憂くも世に 思ふ心に かなはぬか 誰も千年の 松ならなくに





なにごとにつけても、故君の御ことをぞ尽きせず思ひ給へる。薫「いはけなかりし程より、世の中を思ひ離れてやみぬべき心づかひをのみならひはべしに、さるべきにや侍りけむ、うときものからおろかならず思ひそめ聞こえ侍りしひとふしに、かの本意の聖心は、さすがにたがひやしにけむ。なぐさめばかりに、ここにもかしこにもゆきかかづらひて、人のありさまを見むにつけて、まぎるる事もやあらむ、など、思ひ寄る折々侍れど、さらにほかざまには靡くべくも侍らざりけり。よろづに思ひ給へわびては、心のひく方の強からぬわざなりければ、すきがましうやうに思さるらむ。と、はずかしけれど、あるまじき心の、かけてもあるべくはこそめざましからめ、ただかばかりの程にて、時々思ふことを聞こえ承りなどして、へだてなく宣ひかよはむを、誰かはとがめいづべき。世の人に似ぬ心の程は、みな人にもどかるまじく侍るを、なほうしろやすく思したれ」など、恨みみ泣きみ、聞こえ給ふ。
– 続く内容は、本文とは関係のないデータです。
(* Let $E$ and $B$ be finite dimensional JB$^*$-triples and let $f:S(E)\to S(B)$ be a surjective isometry. Let $e_1,e_2$ be two orthogonal finite rank tripotents in $E$, and for $j=1,2$ let $T_{e_j}:E_0(e_j)\to B_0(f(e_j))$ be the surjective real linear isometry satisfying $f(e_j+x)=f(e_j)+T_{e_j}(x)$ for every $x$ in the closed unit ball of $E_0(e_j)$. Then $T_{e_1}(x)=T_{e_2}(x)$ for all $x\in E_0(e_1)\cap E_0(e_2)$.
   Context: A JB$^*$-triple is a complex Banach space $E$ with a continuous triple product $\{\cdot,\cdot,\cdot\}$, bilinear and symmetric in the outer variables and conjugate linear in the middle one, such that, with $L(a,b)z=\{a,b,z\}$: $L(a,b)L(x,y)-L(x,y)L(a,b)=L(L(a,b)x,y)-L(x,L(b,a)y)$; $L(a,a)$ is hermitian with non-negative spectrum; $\|\{a,a,a\}\|=\|a\|^3$. A tripotent $e$ satisfies $\{e,e,e\}=e$; $E_i(e)$ ($i=0,1,2$) is the $\frac i2$-eigenspace of $L(e,e)$; $e$ is minimal if $E_2(e)=\mathbb{C}e\neq\{0\}$; $a\perp b$ means $L(a,b)=0$; a finite rank tripotent is a finite sum of mutually orthogonal minimal tripotents. For such $f$ and finite rank $e$, $f(e)$ is a finite rank tripotent of $B$ and a surjective real linear isometry $T_e$ as described exists. $S(X)$ is the unit sphere; a surjective isometry is a distance preserving surjection. *)

theory Defs
  imports "HOL-Analysis.Analysis"
begin

definition complex_normed_structure :: "(complex \<Rightarrow> 'a::real_normed_vector \<Rightarrow> 'a) \<Rightarrow> bool" where
  "complex_normed_structure sm \<longleftrightarrow>
     (\<forall>r x. sm (complex_of_real r) x = r *\<^sub>R x) \<and>
     (\<forall>a b x. sm (a * b) x = sm a (sm b x)) \<and>
     (\<forall>a x y. sm a (x + y) = sm a x + sm a y) \<and>
     (\<forall>a b x. sm (a + b) x = sm a x + sm b x) \<and>
     (\<forall>a x. norm (sm a x) = cmod a * norm x)"

text \<open>Finite dimensionality (over the reals, equivalently over the complexes).\<close>
definition fin_dim_space :: "'a::real_vector itself \<Rightarrow> bool" where
  "fin_dim_space _ \<longleftrightarrow> (\<exists>S::'a set. finite S \<and> span S = UNIV)"

text \<open>Hermitian operator: \<open>exp(i s T)\<close> is an isometry for every real \<open>s\<close>
  (i.e. \<open>\<parallel>exp(i s T)\<parallel> = 1\<close>), the exponential given by its power series.\<close>
definition hermitian_op :: "(complex \<Rightarrow> 'a::real_normed_vector \<Rightarrow> 'a) \<Rightarrow> ('a \<Rightarrow> 'a) \<Rightarrow> bool" where
  "hermitian_op sm T \<longleftrightarrow>
     (\<forall>s::real. \<forall>x. norm (\<Sum>n. sm ((\<i> * complex_of_real s) ^ n / fact n) ((T ^^ n) x)) = norm x)"

definition op_spectrum :: "(complex \<Rightarrow> 'a \<Rightarrow> 'a::real_vector) \<Rightarrow> ('a \<Rightarrow> 'a) \<Rightarrow> complex set" where
  "op_spectrum sm T = {c. \<not> bij (\<lambda>x. T x - sm c x)}"

definition JB_star_triple ::
  "(complex \<Rightarrow> 'a::{real_normed_vector,banach} \<Rightarrow> 'a) \<Rightarrow> ('a \<Rightarrow> 'a \<Rightarrow> 'a \<Rightarrow> 'a) \<Rightarrow> bool" where
  "JB_star_triple sm t \<longleftrightarrow>
     complex_normed_structure sm \<and>
     continuous_on UNIV (\<lambda>(a, b, c). t a b c) \<and>
     (\<forall>a b c. t a b c = t c b a) \<and>
     (\<forall>a a' b c. t (a + a') b c = t a b c + t a' b c) \<and>
     (\<forall>k a b c. t (sm k a) b c = sm k (t a b c)) \<and>
     (\<forall>a b b' c. t a (b + b') c = t a b c + t a b' c) \<and>
     (\<forall>k a b c. t a (sm k b) c = sm (cnj k) (t a b c)) \<and>
     (\<forall>a b x y z. t a b (t x y z) - t x y (t a b z) = t (t a b x) y z - t x (t b a y) z) \<and>
     (\<forall>a. hermitian_op sm (t a a)) \<and>
     (\<forall>a. \<forall>k\<in>op_spectrum sm (t a a). k \<in> \<real> \<and> Re k \<ge> 0) \<and>
     (\<forall>a. norm (t a a a) = norm a ^ 3)"

definition tripotent :: "('a \<Rightarrow> 'a \<Rightarrow> 'a \<Rightarrow> 'a) \<Rightarrow> 'a \<Rightarrow> bool" where
  "tripotent t e \<longleftrightarrow> t e e e = e"

definition peirce0 :: "('a \<Rightarrow> 'a \<Rightarrow> 'a \<Rightarrow> 'a) \<Rightarrow> 'a \<Rightarrow> 'a::zero set" where
  "peirce0 t e = {x. t e e x = 0}"

definition peirce2 :: "('a \<Rightarrow> 'a \<Rightarrow> 'a \<Rightarrow> 'a) \<Rightarrow> 'a \<Rightarrow> 'a set" where
  "peirce2 t e = {x. t e e x = x}"

definition triple_orth :: "('a::zero \<Rightarrow> 'a \<Rightarrow> 'a \<Rightarrow> 'a) \<Rightarrow> 'a \<Rightarrow> 'a \<Rightarrow> bool" where
  "triple_orth t a b \<longleftrightarrow> (\<forall>z. t a b z = 0)"

definition minimal_tripotent ::
  "(complex \<Rightarrow> 'a \<Rightarrow> 'a::zero) \<Rightarrow> ('a \<Rightarrow> 'a \<Rightarrow> 'a \<Rightarrow> 'a) \<Rightarrow> 'a \<Rightarrow> bool" where
  "minimal_tripotent sm t e \<longleftrightarrow>
     tripotent t e \<and> peirce2 t e = range (\<lambda>c. sm c e) \<and> e \<noteq> 0"

definition finite_rank_tripotent ::
  "(complex \<Rightarrow> 'a \<Rightarrow> 'a::comm_monoid_add) \<Rightarrow> ('a \<Rightarrow> 'a \<Rightarrow> 'a \<Rightarrow> 'a) \<Rightarrow> 'a \<Rightarrow> bool" where
  "finite_rank_tripotent sm t e \<longleftrightarrow>
     (\<exists>F. finite F \<and> F \<noteq> {} \<and> (\<forall>u\<in>F. minimal_tripotent sm t u) \<and>
          (\<forall>u\<in>F. \<forall>v\<in>F. u \<noteq> v \<longrightarrow> triple_orth t u v) \<and> e = \<Sum>F)"

end

theory Submission
  imports Defs
begin

text \<open>Writing \<open>e\<^sub>1 + e\<^sub>2 + x\<close> as \<open>e\<^sub>1 + (e\<^sub>2 + x)\<close> with \<open>e\<^sub>2 + x \<in> E\<^sub>0(e\<^sub>1)\<close> and as
  \<open>e\<^sub>2 + (e\<^sub>1 + x)\<close> with \<open>e\<^sub>1 + x \<in> E\<^sub>0(e\<^sub>2)\<close> gives
  \<open>f e\<^sub>1 + T\<^sub>1 e\<^sub>2 + T\<^sub>1 x = f e\<^sub>2 + T\<^sub>2 e\<^sub>1 + T\<^sub>2 x\<close> for small \<open>x\<close>; comparing with \<open>x = 0\<close>
  and using homogeneity yields \<open>T\<^sub>1 = T\<^sub>2\<close> on \<open>E\<^sub>0(e\<^sub>1) \<inter> E\<^sub>0(e\<^sub>2)\<close>.
  The only geometric input is that \<open>\<parallel>e + b\<parallel> \<le> 1\<close> for a tripotent \<open>e\<close> and
  \<open>b \<in> E\<^sub>0(e)\<close> in the unit ball: the cube of \<open>e + b\<close> is \<open>e + {b,b,b}\<close>, so iterating
  cubes bounds \<open>\<parallel>e + b\<parallel>\<^bsup>3\<^sup>n\<^esup>\<close> by 2 for every \<open>n\<close>.\<close>

text \<open>Only the real-linear axioms, the Jordan identity and \<open>\<parallel>{a,a,a}\<parallel> = \<parallel>a\<parallel>^3\<close> of a
  \<open>JB\<^sup>*\<close>-triple are used.\<close>

locale real_jb_triple =
  fixes t :: "'a::real_normed_vector \<Rightarrow> 'a \<Rightarrow> 'a \<Rightarrow> 'a"
  assumes outer_commute: "t a b c = t c b a"
    and add_left: "t (a + a') b c = t a b c + t a' b c"
    and add_middle: "t a (b + b') c = t a b c + t a b' c"
    and scaleR_left: "t (r *\<^sub>R a) b c = r *\<^sub>R t a b c"
    and jordan_identity: "t a b (t x y z) - t x y (t a b z) = t (t a b x) y z - t x (t b a y) z"
    and norm_cube: "norm (t a a a) = norm a ^ 3"
begin

lemma add_right: "t a b (c + c') = t a b c + t a b c'"
  by (metis outer_commute add_left)

lemma scaleR_right: "t a b (r *\<^sub>R c) = r *\<^sub>R t a b c"
  by (metis outer_commute scaleR_left)

lemma zero_left [simp]: "t 0 b c = 0"
  using add_left[of 0 0 b c] by simp

lemma zero_middle [simp]: "t a 0 c = 0"
  using add_middle[of a 0 0 c] by simp

lemma zero_right [simp]: "t a b 0 = 0"
  by (metis outer_commute zero_left)

lemma jordan_identity': "t a b (t x y z) = t (t a b x) y z - t x (t b a y) z + t x y (t a b z)"
  using jordan_identity[of a b x y z] by (simp add: algebra_simps)

lemma sum_left: "finite F \<Longrightarrow> t (\<Sum>F) b c = (\<Sum>u\<in>F. t u b c)"
  by (induction F rule: finite_induct) (auto simp: add_left)

lemma sum_middle: "finite F \<Longrightarrow> t a (\<Sum>F) c = (\<Sum>u\<in>F. t a u c)"
  by (induction F rule: finite_induct) (auto simp: add_middle)

lemma sum_right: "finite F \<Longrightarrow> t a b (\<Sum>F) = (\<Sum>u\<in>F. t a b u)"
  by (induction F rule: finite_induct) (auto simp: add_right)

lemma triple_orth_commute:
  assumes "triple_orth t a b"
  shows "triple_orth t b a"
  unfolding triple_orth_def
proof
  fix z
  have vanish: "t x (t b a y) w = 0" for x y w
    using jordan_identity'[of a b x y w] assms by (simp add: triple_orth_def)
  let ?p = "t b a z"
  have "norm ?p ^ 3 = 0"
    using vanish[of ?p z ?p] norm_cube[of ?p] by simp
  then show "t b a z = 0" by simp
qed

lemma tripotent_norm_le_1:
  assumes "tripotent t e"
  shows "norm e \<le> 1"
proof (rule ccontr)
  assume "\<not> norm e \<le> 1"
  then have "norm e * 1 < norm e * (norm e * norm e)"
    by (intro mult_strict_left_mono) (auto simp: less_1_mult)
  moreover have "norm e ^ 3 = norm e"
    using norm_cube[of e] assms by (simp add: tripotent_def)
  ultimately show False by (simp only: power3_eq_cube mult_1_right)
qed

lemma tripotent_sum_orthogonal:
  assumes F: "finite F" and "\<forall>u\<in>F. tripotent t u"
    and orth: "\<forall>u\<in>F. \<forall>v\<in>F. u \<noteq> v \<longrightarrow> triple_orth t u v"
  shows "tripotent t (\<Sum>F)"
proof -
  have "t (\<Sum>F) (\<Sum>F) (\<Sum>F) = (\<Sum>w\<in>F. \<Sum>v\<in>F. \<Sum>u\<in>F. t u v w)"
    by (simp add: F sum_left sum_middle sum_right)
  also have "\<dots> = (\<Sum>w\<in>F. t w w w)"
  proof (rule sum.cong[OF refl])
    fix w assume w: "w \<in> F"
    have "t u v w = 0" if "u \<in> F" "v \<in> F" "u \<noteq> w \<or> v \<noteq> w" for u v
      using that orth w outer_commute unfolding triple_orth_def by metis
    then show "(\<Sum>v\<in>F. \<Sum>u\<in>F. t u v w) = t w w w"
      using F w by (simp add: sum.remove[of F w] sum.neutral)
  qed
  also have "\<dots> = \<Sum>F"
    using assms(2) by (simp add: tripotent_def)
  finally show ?thesis by (simp add: tripotent_def)
qed

context
  fixes e b
  assumes e: "tripotent t e" and b: "b \<in> peirce0 t e"
begin

private lemma eeb: "t e e b = 0" and bee: "t b e e = 0" and eee: "t e e e = e"
  using b e outer_commute by (auto simp: peirce0_def tripotent_def)

private lemma ebe: "t e b e = 0"
proof -
  \<comment> \<open>The Jordan identity gives both \<open>p = 2 L(e,e) p\<close> and \<open>L(e,e) p = 2 p\<close>.\<close>
  let ?p = "t e b e"
  have "?p = t ?p e e + t e e ?p"
    using jordan_identity'[of e b e e e] eee bee by simp
  moreover have "t e e ?p = 2 *\<^sub>R ?p"
    using jordan_identity'[of e e e b e] eee eeb by (simp add: scaleR_2)
  moreover have "t ?p e e = t e e ?p" by (rule outer_commute)
  ultimately have "1 *\<^sub>R ?p = 4 *\<^sub>R ?p"
    by (simp add: scaleR_left_distrib[symmetric])
  then show ?thesis by (simp only: scaleR_cancel_right) simp
qed

private lemma ebb: "t e b b = 0"
  using jordan_identity'[of e b e e b] jordan_identity'[of e e e b b] eee eeb ebe bee by simp

private lemma beb: "t b e b = 0"
  using jordan_identity'[of b e e e b] jordan_identity'[of e e b e b] eee eeb ebe bee by simp

lemma cube_add_peirce0: "t (e + b) (e + b) (e + b) = e + t b b b"
  using ebb outer_commute[of b b e]
  by (simp add: add_left add_middle add_right eee eeb bee ebe ebb beb)

lemma cube_in_peirce0: "t b b b \<in> peirce0 t e"
  using jordan_identity'[of e e b b b] eeb by (simp add: peirce0_def)

end

lemma norm_add_peirce0_power_le:
  assumes e: "tripotent t e"
  shows "b \<in> peirce0 t e \<Longrightarrow> norm b \<le> 1 \<Longrightarrow> norm (e + b) ^ (3 ^ n) \<le> 2"
proof (induction n arbitrary: b)
  case 0
  then show ?case
    using tripotent_norm_le_1[OF e] norm_triangle_ineq[of e b] by simp
next
  case (Suc n)
  have "norm (t b b b) \<le> 1"
    using norm_cube[of b] Suc.prems(2) by (simp add: power_le_one)
  then have "norm (e + t b b b) ^ (3 ^ n) \<le> 2"
    using Suc.IH cube_in_peirce0[OF e Suc.prems(1)] by blast
  moreover have "norm (e + b) ^ (3 ^ Suc n) = norm (e + t b b b) ^ (3 ^ n)"
    using cube_add_peirce0[OF e Suc.prems(1)] norm_cube[of "e + b"]
    by (metis power_Suc power_mult)
  ultimately show ?case by simp
qed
何事につけても、亡くなった、姫宮のことを、果てもなく思っている。

薫は、幼かった時から、俗世を捨てて、一生を終わりたいとの気持ちばかりを、持ち続けていましたが、運命でございましょうか、打ち解けはしかなった。並々ではなく、お慕い始めた一言で、あの念願の、出家心は、やはり、外れてしまったのでしょうか。その慰めのために、あちこちの女に、かかずらわって、女の様子を見るにつけ、悲しさが紛れることもあろえかと、考えてみることも、何度かございました。どうしても、他の女には、気持ちが動きませんでした。色々と考えあぐねて、心を強く惹かれる女がいないものですから、好き者のように、思いであろうと、気になります。嫌な気持ちが少しでもあれば、いけないじょう。ただ、これくらいのことで、時々、思うことを、申し上げ、また伺ったりして、心置きなく、お話し合いをしましても、誰が、咎めることをしましょう。世間の人に似ない、私の性質のことは、誰からも、非難されるはずがないのです。どうぞ、安心してください。などと、恨んだり、泣いたりして、申し上げる。